Bacterial culture was performed at these sampling times.
AER, automated endoscope reprocessor; ATP, adenosine triphosphate; HLD, high‐level disinfection; NA, not applicable; RLU, relative light units.
After pre‐cleaning, ATP bioluminescence was performed on all 38 flexible endoscopes (Table 1); 100% (38 of 38) endoscopes were positive for contamination. Both endoscope surface and channel rinsate had high ATP levels, ranged from 228 RLU to 65 163 RLU (median, 2322 RLU and 1720 RLU, respectively) through all endoscope types (Table 1). Bacterial culture was not performed at this encounter.

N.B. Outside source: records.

lemma same_centralizer_one: "same_centralizer G \<one> = center G"
proof -
  have "centralizer G \<one> = carrier G"
    unfolding centralizer_def by auto
  then show ?thesis
    using centralizer_eq_carrier_iff center_subset unfolding same_centralizer_def by blast
qed

lemma centralizer_mult_center:
  assumes x: "x \<in> carrier G" and z: "z \<in> center G"
  shows "centralizer G (x \<otimes> z) = centralizer G x"
proof -
  have zG: "z \<in> carrier G" using z center_subset by blast
  have "x \<otimes> z \<otimes> y = y \<otimes> (x \<otimes> z) \<longleftrightarrow> x \<otimes> y = y \<otimes> x" if y: "y \<in> carrier G" for y
  proof -
    have "x \<otimes> z \<otimes> y = x \<otimes> y \<otimes> z" and "y \<otimes> (x \<otimes> z) = y \<otimes> x \<otimes> z"
      using center_commute[OF z y] x y zG by (simp_all add: m_assoc)
    then show ?thesis
      using x y zG by simp
  qed
  then show ?thesis
    unfolding centralizer_def by blast
qed

lemma centralizer_inv:
  assumes x: "x \<in> carrier G"
  shows "centralizer G (inv x) = centralizer G x"
proof -
  have "inv x \<otimes> y = y \<otimes> inv x \<longleftrightarrow> x \<otimes> y = y \<otimes> x" if y: "y \<in> carrier G" for y
    using commute_inv[OF x y] commute_inv[OF inv_closed[OF x] y] x by auto
  then show ?thesis
    unfolding centralizer_def by blast
qed

lemma card_mult_center:
  assumes "x \<in> carrier G"
  shows "card ((\<lambda>z. x \<otimes> z) ` center G) = card (center G)"
  using assms inj_on_cmult center_subset by (blast intro: card_image inj_on_subset)

lemma mult_center_subset_same_centralizer:
  assumes "x \<in> carrier G"
  shows "(\<lambda>z. x \<otimes> z) ` center G \<subseteq> same_centralizer G x"
  using assms centralizer_mult_center center_subset unfolding same_centralizer_def by auto

lemma same_centralizer_eq_if_regular:
  assumes fin: "finite (carrier G)" and reg: "noncent_regular G n" and x: "x \<in> carrier G"
  shows "same_centralizer G x = (\<lambda>z. x \<otimes> z) ` center G"
proof -
  have sub: "same_centralizer G y \<subseteq> carrier G" for y
    unfolding same_centralizer_def by blast
  have "noncent_degree G x = noncent_degree G \<one>"
    using reg x unfolding noncent_regular_def by simp
  then have "card (same_centralizer G x) = card (same_centralizer G \<one>)"
    using noncent_degree_eq[OF fin] card_mono[OF fin sub] by (metis diff_diff_cancel)
  then have "card (same_centralizer G x) = card ((\<lambda>z. x \<otimes> z) ` center G)"
    using card_mult_center[OF x] same_centralizer_one by simp
  then show ?thesis
    using card_subset_eq[OF finite_subset[OF sub fin] mult_center_subset_same_centralizer[OF x]]
    by simp
qed

lemma square_in_center_if_regular:
  assumes fin: "finite (carrier G)" and reg: "noncent_regular G n" and x: "x \<in> carrier G"
  shows "x \<otimes> x \<in> center G"
proof -
  have "inv x \<in> same_centralizer G x"
    using x centralizer_inv unfolding same_centralizer_def by simp
  then obtain z where z: "z \<in> center G" and inv_x: "inv x = x \<otimes> z"
    using same_centralizer_eq_if_regular[OF fin reg x] by blast
  have zG: "z \<in> carrier G"
    using z center_subset by blast
  have "x \<otimes> x \<otimes> z = \<one>"
    using x zG inv_x by (metis m_assoc r_inv)
  then have "x \<otimes> x = inv z"
    using x zG by (metis inv_equality m_closed)
  then show ?thesis
    using z subgroup.m_inv_closed[OF center_subgroup] by simp
qed

lemma card_carrier_eq_if_regular:
  assumes fin: "finite (carrier G)" and reg: "noncent_regular G n"
  shows "card (carrier G) = n + card (center G)"
proof -
  have "noncent_degree G \<one> = n"
    using reg unfolding noncent_regular_def by simp
  then show ?thesis
    using noncent_degree_eq[OF fin] same_centralizer_one card_mono[OF fin center_subset] by simp
qed

lemma card_center_dvd_if_regular:
  assumes fin: "finite (carrier G)" and reg: "noncent_regular G n"
  shows "card (center G) dvd n"
proof -
  have "card (center G) dvd card (carrier G)"
    using card_subgroup_dvd_card[OF center_subgroup subgroup_self center_subset] .
  then show ?thesis
    using card_carrier_eq_if_regular[OF fin reg] by simp
qed

lemma commutator_in_center_if_squares_central:
  assumes sq: "\<And>g. g \<in> carrier G \<Longrightarrow> g \<otimes> g \<in> center G"
    and x: "x \<in> carrier G" and y: "y \<in> carrier G"
  obtains c where "c \<in> center G" "x \<otimes> y = c \<otimes> (y \<otimes> x)" "c \<otimes> c = \<one>"
proof -
  define c where "c = x \<otimes> y \<otimes> inv (y \<otimes> x)"
  have cG: "c \<in> carrier G"
    unfolding c_def using x y by simp
  have xy: "x \<otimes> y = c \<otimes> (y \<otimes> x)"
    unfolding c_def using x y by (simp add: m_assoc)
  have inv_sq: "inv g = g \<otimes> inv (g \<otimes> g)" if "g \<in> carrier G" for g
    using that by (simp add: inv_mult_group m_assoc[symmetric])
  have inv_sq_center: "inv (g \<otimes> g) \<in> center G" if "g \<in> carrier G" for g
    using that sq subgroup.m_inv_closed[OF center_subgroup] by blast
  have "c = x \<otimes> y \<otimes> (x \<otimes> inv (x \<otimes> x)) \<otimes> (y \<otimes> inv (y \<otimes> y))"
    unfolding c_def using x y inv_sq by (simp add: inv_mult_group m_assoc)
  also have "\<dots> = (x \<otimes> y) \<otimes> (x \<otimes> y) \<otimes> (inv (x \<otimes> x) \<otimes> inv (y \<otimes> y))"
  proof -
    have "inv (x \<otimes> x) \<otimes> (y \<otimes> inv (y \<otimes> y)) = y \<otimes> (inv (x \<otimes> x) \<otimes> inv (y \<otimes> y))"
      using x y center_commute[OF inv_sq_center[OF x] y] by (simp add: m_assoc[symmetric])
    then show ?thesis
      using x y by (simp add: m_assoc)
  qed
  finally have c_center: "c \<in> center G"
    using x y sq inv_sq_center subgroup.m_closed[OF center_subgroup] by simp
  have "c \<otimes> c \<otimes> (y \<otimes> (x \<otimes> x)) = x \<otimes> (x \<otimes> y)"
    using x y cG xy center_commute[OF c_center x] by (metis m_assoc m_closed)
  also have "\<dots> = y \<otimes> (x \<otimes> x)"
    using x y center_commute[OF sq[OF x] y] by (simp add: m_assoc)
  finally have "c \<otimes> c = \<one>"
    using x y cG by (metis l_one m_closed one_closed r_cancel)
  then show thesis
    using that c_center xy by blast
qed

lemma involution_trivial_if_odd_subgroup:
  assumes H: "subgroup H G" and odd: "odd (card H)"
    and d: "d \<in> H" and dd: "d \<otimes> d = \<one>"
  shows "d = \<one>"
proof (rule ccontr)
  assume "d \<noteq> \<one>"
  have dG: "d \<in> carrier G"
    using d subgroup.subset[OF H] by blast
  have "subgroup {\<one>, d} G"
  proof (rule subgroupI)
    show "inv a \<in> {\<one>, d}" if "a \<in> {\<one>, d}" for a
      using that dG dd inv_equality[of d d] by auto
  qed (use dG dd in auto)
  moreover have "{\<one>, d} \<subseteq> H"
    using d subgroup.one_closed[OF H] by blast
  ultimately have "card {\<one>, d} dvd card H"
    using card_subgroup_dvd_card[OF _ H] by blast
  moreover have "card {\<one>, d} = 2"
    using \<open>d \<noteq> \<one>\<close> by simp
  ultimately show False
    using odd by simp
qed

lemma comm_group_if_squares_central_odd_center:
  assumes sq: "\<And>g. g \<in> carrier G \<Longrightarrow> g \<otimes> g \<in> center G"
    and odd: "odd (card (center G))"
  shows "comm_group G"
proof (rule group_comm_groupI)
  fix x y assume x: "x \<in> carrier G" and y: "y \<in> carrier G"
  obtain c where c: "c \<in> center G" "c \<otimes> c = \<one>" and xy: "x \<otimes> y = c \<otimes> (y \<otimes> x)"
    using commutator_in_center_if_squares_central[OF sq x y] .
  have "c = \<one>"
    using involution_trivial_if_odd_subgroup[OF center_subgroup odd c] .
  then show "x \<otimes> y = y \<otimes> x"
    using xy x y by simp
qed

lemma subgroup_center_Un_coset:
  assumes x: "x \<in> carrier G" and sq: "x \<otimes> x \<in> center G"
  shows "subgroup (center G \<union> (\<lambda>z. x \<otimes> z) ` center G) G"
proof -
  let ?Z = "center G" and ?K = "center G \<union> (\<lambda>z. x \<otimes> z) ` center G"
  have Z: "subgroup ?Z G"
    by (rule center_subgroup)
  have ZG: "z \<in> carrier G" if "z \<in> ?Z" for z
    using that center_subset by blast
  show ?thesis
  proof (rule subgroupI)
    show "?K \<subseteq> carrier G"
      using x ZG by blast
    show "?K \<noteq> {}"
      using subgroup.one_closed[OF Z] by blast
  next
    fix a assume "a \<in> ?K"
    then consider "a \<in> ?Z" | z where "z \<in> ?Z" "a = x \<otimes> z"
      by blast
    then show "inv a \<in> ?K"
    proof cases
      case 1
      then show ?thesis
        using subgroup.m_inv_closed[OF Z] by blast
    next
      case (2 z)
      have zG: "z \<in> carrier G" and inv_z: "inv z \<in> ?Z"
        using 2 ZG subgroup.m_inv_closed[OF Z] by blast+
      have "x \<otimes> inv (x \<otimes> x \<otimes> z) = x \<otimes> (inv z \<otimes> (inv x \<otimes> inv x))"
        using x zG by (simp add: inv_mult_group m_assoc)
      also have "\<dots> = inv z \<otimes> (x \<otimes> (inv x \<otimes> inv x))"
        using x zG center_commute[OF inv_z x]
        by (simp only: m_assoc[symmetric] inv_closed m_closed)
      also have "\<dots> = inv a"
        using 2 x zG by (simp add: inv_mult_group m_assoc[symmetric])
      moreover have "inv (x \<otimes> x \<otimes> z) \<in> ?Z"
        using 2 sq subgroup.m_inv_closed[OF Z] subgroup.m_closed[OF Z] by blast
      ultimately show ?thesis
        by (metis UnI2 image_eqI)
    qed
  next
    have center_mult: "z \<otimes> k \<in> ?K" if z: "z \<in> ?Z" and k: "k \<in> ?K" for z k
    proof (cases "k \<in> ?Z")
      case True
      then show ?thesis
        using z subgroup.m_closed[OF Z] by blast
    next
      case False
      then obtain w where w: "w \<in> ?Z" "k = x \<otimes> w"
        using k by blast
      then have "z \<otimes> k = x \<otimes> (z \<otimes> w)"
        using x z ZG center_commute[OF z x] by (simp add: m_assoc[symmetric])
      then show ?thesis
        using z w subgroup.m_closed[OF Z] by blast
    qed
    have x_mult: "x \<otimes> k \<in> ?K" if k: "k \<in> ?K" for k
    proof (cases "k \<in> ?Z")
      case True
      then show ?thesis
        by blast
    next
      case False
      then obtain w where w: "w \<in> ?Z" "k = x \<otimes> w"
        using k by blast
      then have "x \<otimes> k = x \<otimes> x \<otimes> w"
        using x ZG by (simp add: m_assoc)
      then show ?thesis
        using sq w subgroup.m_closed[OF Z] by simp
    qed
    fix a b assume a: "a \<in> ?K" and b: "b \<in> ?K"
    show "a \<otimes> b \<in> ?K"
    proof (cases "a \<in> ?Z")
      case True
      then show ?thesis
        using center_mult b by blast
    next
      case False
      then obtain z where z: "z \<in> ?Z" "a = x \<otimes> z"
        using a by blast
      moreover have "b \<in> carrier G"
        using b x ZG by blast
      ultimately have "a \<otimes> b = x \<otimes> (z \<otimes> b)"
        using x ZG by (simp add: m_assoc)
      then show ?thesis
        using x_mult center_mult z b by simp
    qed
  qed
qed
text \<open>The threshold \<open>\<tau>\<close> is where the likelihood ratio of \<open>N(c,1)\<close> to \<open>N(0,1)\<close> equals \<open>w0 / w1\<close>.\<close>
lemma gauss_test_risk_ge_tails:
  assumes w: "w0 > 0" "w1 > 0" and c: "c > 0"
  defines "\<tau> \<equiv> c / 2 + ln (w0 / w1) / c"
  shows "ennreal (w0 * gauss_tail 1 \<tau> + w1 * gauss_tail 1 (c - \<tau>)) \<le> gauss_test_risk w0 w1 c"
proof -
  have min_eq: "min (w0 * std_normal_density x) (w1 * std_normal_density (x - c))
      = (if \<tau> < x then w0 * std_normal_density x else w1 * std_normal_density (x - c))" for x
  proof -
    have "min 1 (exp (c * (x - \<tau>))) = (if \<tau> < x then 1 else exp (c * (x - \<tau>)))"
      using c by (auto simp: min_def zero_le_mult_iff)
    moreover have "min u (u * exp (c * (x - \<tau>))) = u * min 1 (exp (c * (x - \<tau>)))" if "0 \<le> u" for u
      using that by (metis min_mult_distrib_left mult.right_neutral)
    ultimately show ?thesis
      unfolding weighted_std_normal_density_shift[OF w c, of x] \<tau>_def[symmetric] using w by simp
  qed
  have "ennreal (gauss_tail 1 (c - \<tau>)) \<le> (\<integral>\<^sup>+x. ennreal (std_normal_density x) * indicator {c - \<tau>..} x \<partial>lborel)"
    unfolding gauss_tail_nn_integral[OF zero_less_one] by (intro nn_integral_mono) (auto simp: indicator_def)
  also have "\<dots> = (\<integral>\<^sup>+x. ennreal (std_normal_density (x - c)) * indicator {..\<tau>} x \<partial>lborel)"
    by (subst nn_integral_real_affine[where c="-1" and t=c])
      (auto intro!: nn_integral_cong simp: std_normal_density_def indicator_def)
  finally have tail_right: "ennreal (gauss_tail 1 (c - \<tau>))
      \<le> (\<integral>\<^sup>+x. ennreal (std_normal_density (x - c)) * indicator {..\<tau>} x \<partial>lborel)" .
  have "ennreal (w0 * gauss_tail 1 \<tau> + w1 * gauss_tail 1 (c - \<tau>))
      = ennreal w0 * ennreal (gauss_tail 1 \<tau>) + ennreal w1 * ennreal (gauss_tail 1 (c - \<tau>))"
    using w by (simp add: gauss_tail_def ennreal_plus ennreal_mult)
  also have "\<dots> \<le> ennreal w0 * (\<integral>\<^sup>+x. ennreal (std_normal_density x) * indicator {\<tau><..} x \<partial>lborel)
        + ennreal w1 * (\<integral>\<^sup>+x. ennreal (std_normal_density (x - c)) * indicator {..\<tau>} x \<partial>lborel)"
    using gauss_tail_nn_integral[OF zero_less_one, of \<tau>] tail_right by (simp add: mult_left_mono)
  also have "\<dots> = (\<integral>\<^sup>+x. ennreal w0 * (ennreal (std_normal_density x) * indicator {\<tau><..} x)
        + ennreal w1 * (ennreal (std_normal_density (x - c)) * indicator {..\<tau>} x) \<partial>lborel)"
    by (simp add: nn_integral_add nn_integral_cmult)
  also have "\<dots> = (\<integral>\<^sup>+x. ennreal (min (w0 * std_normal_density x) (w1 * std_normal_density (x - c))) \<partial>lborel)"
    unfolding min_eq using w by (intro nn_integral_cong) (auto simp: indicator_def ennreal_mult)
  finally show ?thesis unfolding gauss_test_risk_def .
qed
(* The solution is u(x, y, t) = A(t) V(e^t, x, y), where A(t) = exp ((1 - e^(2t)) / 2) decays
   double exponentially and V(s, x, y) = sum_k phi(s - k) e_k(x, y) uses a C^2 bump phi supported
   in [-1, 1] to hand the profile over from the mode e_k = e^(ikx) (k even) or e^(iky) (k odd) to
   e_(k+1) as s crosses the integers. Because A' = -e^(2t) A, the damping cancels the Laplacian of
   the active modes, whose frequencies are within 1 of e^t, so u_t - Delta u = O(A e^t). Because
   consecutive modes depend on different variables, |grad u| is at least a fixed multiple of A e^t.
   Hence B = (u_t - Delta u) conj(grad u) / |grad u|^2 is bounded and continuous, and it makes u a
   solution. *)

theory Submission
  imports Defs "HOL-Computational_Algebra.Polynomial"
begin

section \<open>Bump function\<close>

definition bump :: "real \<Rightarrow> real" where
  "bump r = (if \<bar>r\<bar> \<le> 1 then (1 - r\<^sup>2)^3 else 0)"

definition bump' :: "real \<Rightarrow> real" where
  "bump' r = (if \<bar>r\<bar> \<le> 1 then -6 * r * (1 - r\<^sup>2)\<^sup>2 else 0)"

definition bump'' :: "real \<Rightarrow> real" where
  "bump'' r = (if \<bar>r\<bar> \<le> 1 then 24 * r\<^sup>2 * (1 - r\<^sup>2) - 6 * (1 - r\<^sup>2)\<^sup>2 else 0)"

lemma abs_eq_1_imp_sq: "\<bar>r::real\<bar> = 1 \<Longrightarrow> r\<^sup>2 = 1"
  by (metis abs_power2 power_one power2_abs)

lemma has_real_derivative_cutoff:
  fixes P P' :: "real \<Rightarrow> real"
  assumes "\<And>r. (P has_real_derivative P' r) (at r)"
    and "\<And>r. \<bar>r\<bar> = 1 \<Longrightarrow> P r = 0" and "\<And>r. \<bar>r\<bar> = 1 \<Longrightarrow> P' r = 0"
  shows "((\<lambda>r. if \<bar>r\<bar> \<le> 1 then P r else 0) has_real_derivative
            (if \<bar>r\<bar> \<le> 1 then P' r else 0)) (at r)"
proof -
  let ?S = "{r::real. \<bar>r\<bar> \<le> 1}" and ?T = "{r::real. 1 \<le> \<bar>r\<bar>}"
  have closed: "closed ?S" "closed ?T"
    by (intro closed_Collect_le continuous_intros)+
  have "((\<lambda>r. if r \<in> ?S then P r else 0) has_vector_derivative
            (if r \<in> ?S then P' r else 0)) (at r within UNIV)"
  proof (rule has_vector_derivative_If_within_closures[where T = ?T])
    show "(P has_vector_derivative P' r) (at r within ?S \<union> (closure ?S \<inter> closure ?T))"
      using assms(1) has_field_derivative_at_within
      unfolding has_real_derivative_iff_has_vector_derivative[symmetric] by blast
  qed (use assms(2,3) closed in auto)
  then show ?thesis
    by (simp add: has_real_derivative_iff_has_vector_derivative)
qed

lemma bump_has_real_derivative: "(bump has_real_derivative bump' r) (at r)"
  unfolding bump_def[abs_def] bump'_def
  by (rule has_real_derivative_cutoff) (auto intro!: derivative_eq_intros simp: abs_eq_1_imp_sq)

lemma bump'_has_real_derivative: "(bump' has_real_derivative bump'' r) (at r)"
  unfolding bump'_def[abs_def] bump''_def
proof (rule has_real_derivative_cutoff)
  show "((\<lambda>r. -6 * r * (1 - r\<^sup>2)\<^sup>2) has_real_derivative
          24 * r\<^sup>2 * (1 - r\<^sup>2) - 6 * (1 - r\<^sup>2)\<^sup>2) (at r)" for r
    by (auto intro!: derivative_eq_intros simp: algebra_simps power2_eq_square)
qed (simp_all add: abs_eq_1_imp_sq)

lemma continuous_on_bump'': "continuous_on UNIV bump''"
proof -
  have "continuous_on ({r. \<bar>r\<bar> \<le> 1} \<union> {r. 1 \<le> \<bar>r\<bar>}) bump''"
    unfolding bump''_def[abs_def]
    by (rule continuous_on_cases)
       (auto intro!: continuous_intros closed_Collect_le simp: abs_eq_1_imp_sq)
  moreover have "{r::real. \<bar>r\<bar> \<le> 1} \<union> {r. 1 \<le> \<bar>r\<bar>} = UNIV" by auto
  ultimately show ?thesis by simp
qed

lemma continuous_on_bump: "continuous_on UNIV bump"
  and continuous_on_bump': "continuous_on UNIV bump'"
  using bump_has_real_derivative bump'_has_real_derivative
  by (meson DERIV_isCont continuous_at_imp_continuous_on)+

lemma bump_eq_0:
  assumes "1 \<le> \<bar>r\<bar>"
  shows "bump r = 0" and "bump' r = 0" and "bump'' r = 0"
  using assms by (cases "\<bar>r\<bar> = 1"; simp add: bump_def bump'_def bump''_def abs_eq_1_imp_sq)+

lemma abs_le_1_imp:
  assumes "\<bar>r::real\<bar> \<le> 1"
  shows "0 \<le> 1 - r\<^sup>2" and "1 - r\<^sup>2 \<le> 1" and "r\<^sup>2 \<le> 1"
  using assms abs_le_square_iff[of r 1] by auto

lemma abs_bump_le: "\<bar>bump r\<bar> \<le> 1"
  using abs_le_1_imp[of r] by (auto simp: bump_def power_le_one)

lemma abs_bump'_le: "\<bar>bump' r\<bar> \<le> 6"
proof (cases "\<bar>r\<bar> \<le> 1")
  case True
  note r = abs_le_1_imp[OF True]
  have "\<bar>r\<bar> * (1 - r\<^sup>2)\<^sup>2 \<le> 1 * 1"
    using True r by (intro mult_mono power_le_one) auto
  then show ?thesis using True by (simp add: bump'_def abs_mult)
qed (simp add: bump'_def)

lemma abs_bump''_le: "\<bar>bump'' r\<bar> \<le> 30"
proof (cases "\<bar>r\<bar> \<le> 1")
  case True
  note r = abs_le_1_imp[OF True]
  have "(1 - r\<^sup>2)\<^sup>2 \<le> 1" "r\<^sup>2 * (1 - r\<^sup>2) \<le> 1" "0 \<le> r\<^sup>2 * (1 - r\<^sup>2)"
    using r by (auto simp: power_le_one mult_le_one)
  then have "\<bar>24 * (r\<^sup>2 * (1 - r\<^sup>2)) - 6 * (1 - r\<^sup>2)\<^sup>2\<bar> \<le> 30"
    using zero_le_power2[of "1 - r\<^sup>2"] unfolding abs_le_iff by linarith
  then show ?thesis using True by (simp add: bump''_def mult.assoc)
qed (simp add: bump''_def)

lemma bump_sq_add_bump_sq_ge:
  assumes "0 \<le> r" "r < 1"
  shows "1/6 \<le> (bump r)\<^sup>2 + (bump (r - 1))\<^sup>2"
proof -
  have central: "1/6 \<le> (bump q)\<^sup>2" if "\<bar>q\<bar> \<le> 1/2" for q :: real
  proof -
    have "q\<^sup>2 \<le> (1/2)\<^sup>2" using that abs_le_square_iff by fastforce
    then have "3/4 \<le> 1 - q\<^sup>2" by (simp add: power_divide)
    then have "((3/4::real)^3)\<^sup>2 \<le> ((1 - q\<^sup>2)^3)\<^sup>2" by (intro power_mono) auto
    moreover have "bump q = (1 - q\<^sup>2)^3" using that by (simp add: bump_def)
    ultimately show ?thesis by (simp add: power_divide)
  qed
  show ?thesis
    using central[of r] central[of "r - 1"] assms
    by (cases "r \<le> 1/2") (auto intro: add_increasing add_increasing2)
qed

section \<open>Interpolation between consecutive integers\<close>

(* interp psi S s = sum_k psi (s - k) S k when psi vanishes outside (-1, 1). *)
definition interp :: "(real \<Rightarrow> real) \<Rightarrow> (int \<Rightarrow> 'a::real_vector) \<Rightarrow> real \<Rightarrow> 'a" where
  "interp \<psi> S s = \<psi> (s - \<lfloor>s\<rfloor>) *\<^sub>R S \<lfloor>s\<rfloor> + \<psi> (s - \<lfloor>s\<rfloor> - 1) *\<^sub>R S (\<lfloor>s\<rfloor> + 1)"

lemma interp_eq_local:
  assumes vanish: "\<And>r. 1 \<le> \<bar>r\<bar> \<Longrightarrow> \<psi> r = 0"
    and "of_int n - 1 < s" "s < of_int n + 1"
  shows "interp \<psi> S s = \<psi> (s - of_int (n - 1)) *\<^sub>R S (n - 1) + \<psi> (s - of_int n) *\<^sub>R S n
                          + \<psi> (s - of_int (n + 1)) *\<^sub>R S (n + 1)"
proof -
  consider "\<lfloor>s\<rfloor> = n - 1" "s < of_int n" | "\<lfloor>s\<rfloor> = n" "of_int n \<le> s"
    using assms(2,3) by linarith
  then show ?thesis
  proof cases
    case 1
    then have "\<psi> (s - of_int (n + 1)) = 0" by (intro vanish) simp
    with 1 show ?thesis by (simp add: interp_def)
  next
    case 2
    then have "\<psi> (s - of_int (n - 1)) = 0" by (intro vanish) simp
    with 2 show ?thesis by (simp add: interp_def algebra_simps)
  qed
qed

lemma mem_floor_neighbourhood: "s \<in> {of_int \<lfloor>s\<rfloor> - 1 <..< of_int \<lfloor>s\<rfloor> + 1}"
  by simp linarith

lemma has_vector_derivative_interp:
  assumes "\<And>r. (\<psi> has_real_derivative \<psi>' r) (at r)"
    and "\<And>r. 1 \<le> \<bar>r\<bar> \<Longrightarrow> \<psi> r = 0" and "\<And>r. 1 \<le> \<bar>r\<bar> \<Longrightarrow> \<psi>' r = 0"
  shows "(interp \<psi> S has_vector_derivative interp \<psi>' S s) (at s)"
proof -
  define n where "n = \<lfloor>s\<rfloor>"
  define U :: "real set" where "U = {of_int n - 1 <..< of_int n + 1}"
  have U: "open U" "s \<in> U" unfolding U_def n_def using mem_floor_neighbourhood by auto
  have shifted: "((\<lambda>r. \<psi> (r - c) *\<^sub>R S k) has_vector_derivative \<psi>' (s - c) *\<^sub>R S k) (at s)" for c k
  proof -
    have "((\<lambda>r. \<psi> (r - c)) has_real_derivative \<psi>' (s - c) * 1) (at s)"
      by (rule DERIV_chain2[OF assms(1)]) (auto intro!: derivative_eq_intros)
    then show ?thesis
      using has_vector_derivative_scaleR[OF _ has_vector_derivative_const[of "S k"]]
      by (simp add: has_real_derivative_iff_has_vector_derivative)
  qed
  have "interp \<psi>' S s = \<psi>' (s - of_int (n - 1)) *\<^sub>R S (n - 1) + \<psi>' (s - of_int n) *\<^sub>R S n
                          + \<psi>' (s - of_int (n + 1)) *\<^sub>R S (n + 1)"
    by (rule interp_eq_local) (use assms(3) U(2) in \<open>auto simp: U_def\<close>)
  then have "((\<lambda>r. \<psi> (r - of_int (n - 1)) *\<^sub>R S (n - 1) + \<psi> (r - of_int n) *\<^sub>R S n
              + \<psi> (r - of_int (n + 1)) *\<^sub>R S (n + 1)) has_vector_derivative interp \<psi>' S s) (at s)"
    by (simp only:) (intro has_vector_derivative_add shifted)
  then show ?thesis
    by (rule has_vector_derivative_transform_within_open[OF _ U])
       (rule interp_eq_local[symmetric], use assms(2) in \<open>auto simp: U_def\<close>)
qed

lemma continuous_on_interp:
  fixes S :: "int \<Rightarrow> 'b::t2_space \<Rightarrow> 'a::real_normed_vector" and \<sigma> :: "'b \<Rightarrow> real"
  assumes "continuous_on UNIV \<psi>" "\<And>r. 1 \<le> \<bar>r\<bar> \<Longrightarrow> \<psi> r = 0"
    and "\<And>k. continuous_on UNIV (S k)" "continuous_on UNIV \<sigma>"
  shows "continuous_on UNIV (\<lambda>z. interp \<psi> (\<lambda>k. S k z) (\<sigma> z))"
proof (rule continuous_at_imp_continuous_on, intro ballI)
  fix z0
  define n where "n = \<lfloor>\<sigma> z0\<rfloor>"
  define U where "U = \<sigma> -` {of_int n - 1 <..< of_int n + 1}"
  have U: "open U" "z0 \<in> U"
    using mem_floor_neighbourhood[of "\<sigma> z0"] open_vimage[OF _ assms(4)]
    unfolding U_def n_def by auto
  let ?g = "\<lambda>z. \<psi> (\<sigma> z - of_int (n - 1)) *\<^sub>R S (n - 1) z + \<psi> (\<sigma> z - of_int n) *\<^sub>R S n z
              + \<psi> (\<sigma> z - of_int (n + 1)) *\<^sub>R S (n + 1) z"
  have "continuous_on UNIV (\<lambda>z. \<psi> (\<sigma> z - c))" for c
    using continuous_on_compose2[OF assms(1) continuous_on_diff[OF assms(4) continuous_on_const]]
    by simp
  then have "continuous_on UNIV ?g"
    by (intro continuous_on_add continuous_on_scaleR assms(3))
  then have cont: "isCont ?g z0" by (simp add: continuous_on_eq_continuous_at)
  have "interp \<psi> (\<lambda>k. S k z) (\<sigma> z) = ?g z" if "z \<in> U" for z
    by (rule interp_eq_local) (use assms(2) that in \<open>auto simp: U_def\<close>)
  then have "eventually (\<lambda>z. interp \<psi> (\<lambda>k. S k z) (\<sigma> z) = ?g z) (nhds z0)"
    using U eventually_nhds by blast
  then show "isCont (\<lambda>z. interp \<psi> (\<lambda>k. S k z) (\<sigma> z)) z0"
    by (rule isCont_cong[THEN iffD2, OF _ cont])
qed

After manual cleaning, ATP values ranged 7–81 RLU (median, 19 RLU) for endoscope surface and 3–671 RLU (median, 12 RLU) for endoscope channel rinsate. One of the 38 (2.6%) endoscopes (a duodenoscope) had an ATP value of 671 RLU from channel rinsate, which exceeded the benchmark for cleanliness of >200 RLU, was sent back for additional cleaning and retesting (Table 1). The ATP value of the channel rinsate was reduced to 132 RLU after the second round of manual cleansing. Bacterial culture was also not performed at this encounter.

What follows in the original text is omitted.